A essência – Rafael Ramos

Mas, o que sai da boca, procede do coração, e isso contamina o homem.
Porque do coração procedem os maus pensamentos, mortes, adultérios, fornicação, furtos, falsos testemunhos e blasfêmias.
São estas coisas que contaminam o homem; mas comer sem lavar as mãos, isso não contamina o homem.Mateus 15:18-20

Quando falamos sobre o coração, geralmente é algo que nos remete a sentimentos e pensamentos, algumas pessoas relacionam com a alma ou com a mente, no entanto são apenas sinônimos de uma mesma coisa, o âmago do ser, nossa essência, aquilo que nos define, que faz brotar nossas palavras e ações.

A solicitação de Cristo a respeito de negar-se a si mesmo não diz respeito a negarmo-nos na íntegra, mas sobre aquilo que em nós contradiz a natureza santa de Deus, ou seja, devemos negar aquilo que em nós nos leva ao pecado. É nesse momento que nossa essência passa a ser Cristo, porque já não há em nós algo que o contraria, mesmo por sermos diferentes em vários aspectos, como gostos, vocações, dons, talentos, etc.
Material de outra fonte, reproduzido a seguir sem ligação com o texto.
lemma same_outside_flat:
  assumes same: "verts K' = verts K" "edges K' = edges K" "inc K' = inc K" "src K' = src K"
    and labs: "\<And>d. d \<in> edges K \<Longrightarrow> d \<noteq> e \<Longrightarrow> lab K' d = lab K d"
  shows "same_outside (flat K) (flat_part K e) (flat K') (flat_part K' e)"
  unfolding same_outside_def
proof (intro conjI allI impI)
  show "univ (flat K) - flat_part K e = univ (flat K') - flat_part K' e"
    unfolding set_eq_iff univ_flat_outside same using labs by auto
  show "src (flat K) = src (flat K')" using same by simp
next
  fix d assume "Inr d \<in> univ (flat K) - flat_part K e"
  then obtain e' f where ef: "e' \<in> edges K" "e' \<noteq> e" "f \<in> edges (lab K e')" "d = prod_encode (e', f)"
    unfolding univ_flat_outside by auto
  then have "flat_vmap K' e' = flat_vmap K e'" by (intro flat_vmap_cong) (simp_all add: labs same)
  then show "lab (flat K) d = lab (flat K') d" "inc (flat K) d = inc (flat K') d"
    using ef labs by simp_all
qed

lemma flat_cong_edges:
  assumes same: "verts K' = verts K" "edges K' = edges K" "inc K' = inc K" "src K' = src K"
    and labs: "\<And>d. d \<in> edges K \<Longrightarrow> lab K' d = lab K d"
  shows "models (flat K') \<phi> \<longleftrightarrow> models (flat K) \<phi>"
  unfolding models_def
proof (rule sat_cong_edges)
  show "verts (flat K') = verts (flat K)" using same labs by (auto simp: verts_flat)
  show "edges (flat K') = edges (flat K)" using same labs by (auto simp: edges_flat)
  show "src (flat K') = src (flat K)" using same by simp
next
  fix d assume "d \<in> edges (flat K)"
  then obtain e f where ef: "e \<in> edges K" "f \<in> edges (lab K e)" "d = prod_encode (e, f)"
    unfolding edges_flat by blast
  then have "flat_vmap K' e = flat_vmap K e" by (intro flat_vmap_cong) (simp_all add: labs same)
  then show "lab (flat K') d = lab (flat K) d \<and> inc (flat K') d = inc (flat K) d"
    using ef labs by simp
qed

lemma cmso_equiv_equiv: "equiv (HS Sig ar) (cmso_equiv Sig ar M r)"
  unfolding equiv_def refl_on_def sym_def trans_def cmso_equiv_def by auto

lemma cmso_equiv_refl: "G \<in> HS Sig ar \<Longrightarrow> (G, G) \<in> cmso_equiv Sig ar M r"
  and cmso_equiv_trans:
    "(G, H) \<in> cmso_equiv Sig ar M r \<Longrightarrow> (H, J) \<in> cmso_equiv Sig ar M r \<Longrightarrow> (G, J) \<in> cmso_equiv Sig ar M r"
  using cmso_equiv_equiv[of Sig ar M r] unfolding equiv_def refl_on_def trans_def by blast+

lemma flat_relabel_equiv:
  assumes K: "wf_hg (HS Sig ar) arity K" and K': "wf_hg (HS Sig ar) arity K'"
    and same: "verts K' = verts K" "edges K' = edges K" "inc K' = inc K" "src K' = src K"
    and labs: "\<And>d. d \<in> edges K \<Longrightarrow> d \<noteq> e \<Longrightarrow> lab K' d = lab K d"
    and e: "e \<in> edges K" and equiv: "(lab K e, lab K' e) \<in> cmso_equiv Sig ar M r"
  shows "(flat K, flat K') \<in> cmso_equiv Sig ar M r"
proof -
  have "gluing_pair (flat K) (lab K e) (flat_part K e) flat_dec
      (flat K') (lab K' e) (flat_part K' e) flat_dec (map (\<lambda>v. 2 * v) (inc K e))"
    using gluing_flat[OF K e] gluing_flat[OF K'] e same same_outside_flat[OF same labs]
    by (simp add: gluing_pair_def gluing_pair_axioms_def)
  then have "models (flat K') \<phi> \<longleftrightarrow> models (flat K) \<phi>"
    if "\<phi> \<in> sentences Sig ar M r (length (src (flat K)))" for \<phi>
    using gluing_models_iff equiv that by blast
  then show ?thesis
    using flat_HS[OF K] flat_HS[OF K'] same by (auto simp: cmso_equiv_def arity_def)
qed

lemma flat_relabel_all_equiv:
  assumes K: "wf_hg (HS Sig ar) arity K" and K': "wf_hg (HS Sig ar) arity K'"
    and same: "verts K' = verts K" "edges K' = edges K" "inc K' = inc K" "src K' = src K"
    and equiv: "\<And>e. e \<in> edges K \<Longrightarrow> (lab K e, lab K' e) \<in> cmso_equiv Sig ar M r"
  shows "(flat K, flat K') \<in> cmso_equiv Sig ar M r"
proof -
  define mix where "mix S = K\<lparr>lab := \<lambda>d. if d \<in> S then lab K' d else lab K d\<rparr>" for S
  have mix_wf: "wf_hg (HS Sig ar) arity (mix S)" for S
  proof -
    have "lab (mix S) e \<in> HS Sig ar \<and> length (inc K e) = arity (lab (mix S) e)" if "e \<in> edges K" for e
      using K K' same that by (cases "e \<in> S") (simp_all add: mix_def wf_hg_def)
    then show ?thesis using K by (simp add: mix_def wf_hg_def)
  qed
  have mix_equiv: "(flat K, flat (mix S)) \<in> cmso_equiv Sig ar M r" if "finite S" "S \<subseteq> edges K" for S
    using that
  proof (induction S rule: finite_induct)
    case empty
    have "mix {} = K" by (simp add: mix_def)
    then show ?case using cmso_equiv_refl[OF flat_HS[OF K]] by simp
  next
    case (insert e S)
    then have e: "e \<in> edges K" "e \<notin> S" by auto
    have "(flat (mix S), flat (mix (insert e S))) \<in> cmso_equiv Sig ar M r"
    proof (rule flat_relabel_equiv[OF mix_wf mix_wf])
      show "(lab (mix S) e, lab (mix (insert e S)) e) \<in> cmso_equiv Sig ar M r"
        using equiv e by (simp add: mix_def)
    qed (use e in \<open>simp_all add: mix_def\<close>)
    moreover have "(flat K, flat (mix S)) \<in> cmso_equiv Sig ar M r" using insert by simp
    ultimately show ?case by (rule cmso_equiv_trans[rotated])
  qed
  have "finite (edges K)" using K by (simp add: wf_hg_def)
  then have "(flat K, flat (mix (edges K))) \<in> cmso_equiv Sig ar M r" by (simp add: mix_equiv)
  moreover have "(flat (mix (edges K)), flat K') \<in> cmso_equiv Sig ar M r"
  proof -
    have "models (flat K') \<phi> \<longleftrightarrow> models (flat (mix (edges K))) \<phi>" for \<phi>
      by (rule flat_cong_edges) (simp_all add: mix_def same)
    moreover have "arity (flat K') = arity (flat (mix (edges K)))"
      using same by (simp add: arity_def mix_def)
    ultimately show ?thesis using flat_HS[OF mix_wf] flat_HS[OF K'] by (simp add: cmso_equiv_def)
  qed
  ultimately show ?thesis by (rule cmso_equiv_trans)
qed

lemma subst_vars_wf:
  assumes t: "t \<in> poly_terms Sig ar Xs arx" and \<eta>: "\<eta> \<in> valuations Sig ar Xs arx"
  shows "wf_hg (HS Sig ar) arity (subst_vars \<eta> t)"
proof -
  have "lab (subst_vars \<eta> t) e \<in> HS Sig ar \<and> length (inc t e) = arity (lab (subst_vars \<eta> t) e)"
    if "e \<in> edges t" for e
  proof -
    have "lab t e \<in> Inl ` HS Sig ar \<union> Inr ` Xs" "length (inc t e) = sum_rank arx (lab t e)"
      using t that by (auto simp: poly_terms_def wf_hg_def)
    then show ?thesis using \<eta> by (auto simp: valuations_def sum_rank_def subst_vars_def)
  qed
  then show ?thesis using t by (auto simp: poly_terms_def wf_hg_def subst_vars_def)
qed

theorem lemma4p12:
  fixes Sig :: "'a set" and ar :: "'a \<Rightarrow> nat" and r :: nat and M :: "nat set"
    and Xs :: "'x set" and arx :: "'x \<Rightarrow> nat"
  assumes "finite Sig" and "finite M"
  shows "congruence_wrt Sig ar (cmso_equiv Sig ar M r) Xs arx"
  unfolding congruence_wrt_def
proof (intro conjI ballI impI)
  show "equiv (HS Sig ar) (cmso_equiv Sig ar M r)" by (rule cmso_equiv_equiv)
next
  fix t \<eta> \<eta>'
  assume t: "t \<in> poly_terms Sig ar Xs arx" and \<eta>: "\<eta> \<in> valuations Sig ar Xs arx"
    and \<eta>': "\<eta>' \<in> valuations Sig ar Xs arx"
    and vars: "\<forall>x\<in>Xs. (\<eta> x, \<eta>' x) \<in> cmso_equiv Sig ar M r"
  have "(lab (subst_vars \<eta> t) e, lab (subst_vars \<eta>' t) e) \<in> cmso_equiv Sig ar M r"
    if "e \<in> edges (subst_vars \<eta> t)" for e
    using that t vars cmso_equiv_equiv[of Sig ar M r]
    by (auto simp: subst_vars_def poly_terms_def wf_hg_def equiv_def refl_on_def split: sum.splits)
  then show "(poly_op t \<eta>, poly_op t \<eta>') \<in> cmso_equiv Sig ar M r"
    unfolding poly_op_def
    by (intro flat_relabel_all_equiv subst_vars_wf[OF t \<eta>] subst_vars_wf[OF t \<eta>'])
      (simp_all add: subst_vars_def)
qed

end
No entanto, como negar aquilo que nosso coração anseia?

Apesar de estarmos inclinados a querer a Deus, e isso apenas por sua própria vontade, pois sabemos que tanto o querer quanto o efetuar provém dele, mesmo assim nosso coração deseja aquilo onde nossos olhos insaciavelmente estão a olhar.

Para onde nós olhamos, quais os pensamentos que cultivamos, os sentimentos que insistimos em lembrar e também os que não queremos esquecer, estas são as coisas que compõe nosso eu, e se não procedermos bem, então menos lugar haverá para a vontade de Deus. Se nos abarrotamos apenas de coisas más, então por onde Deus começará a trabalhar? Ou, se não buscamos ler as Escrituras por exemplo, ou deixar de orar, ou não refletir sobre nossos atos e examiná-los comparando-os com aquilo que a Palavra de Deus nos ensina, como então poderíamos negarmo-nos, se nem ao menos saberíamos sobre o que negar?

Não tem como ser cristão se não olharmos constantemente para ele e negar aquilo que em nós já não deve ter mais espaço. E essa guerra constante, ela se ameniza a media que desistimos do nosso eu, ela vai se tornando mais branda à medida que somos transformados a semelhança de Cristo, e num breve momento você nem percebe o quão diferente se tornou. Mas não se engane, essa guerra será travada enquanto vivermos nesse corpo corruptível, portanto nunca pare, aproveite que quanto mais forte ficar, mais fácil as coisas parecerão, quão menos de você existir, mais fácil vencerá, porque daí já será muito mais de Cristo vivendo em você.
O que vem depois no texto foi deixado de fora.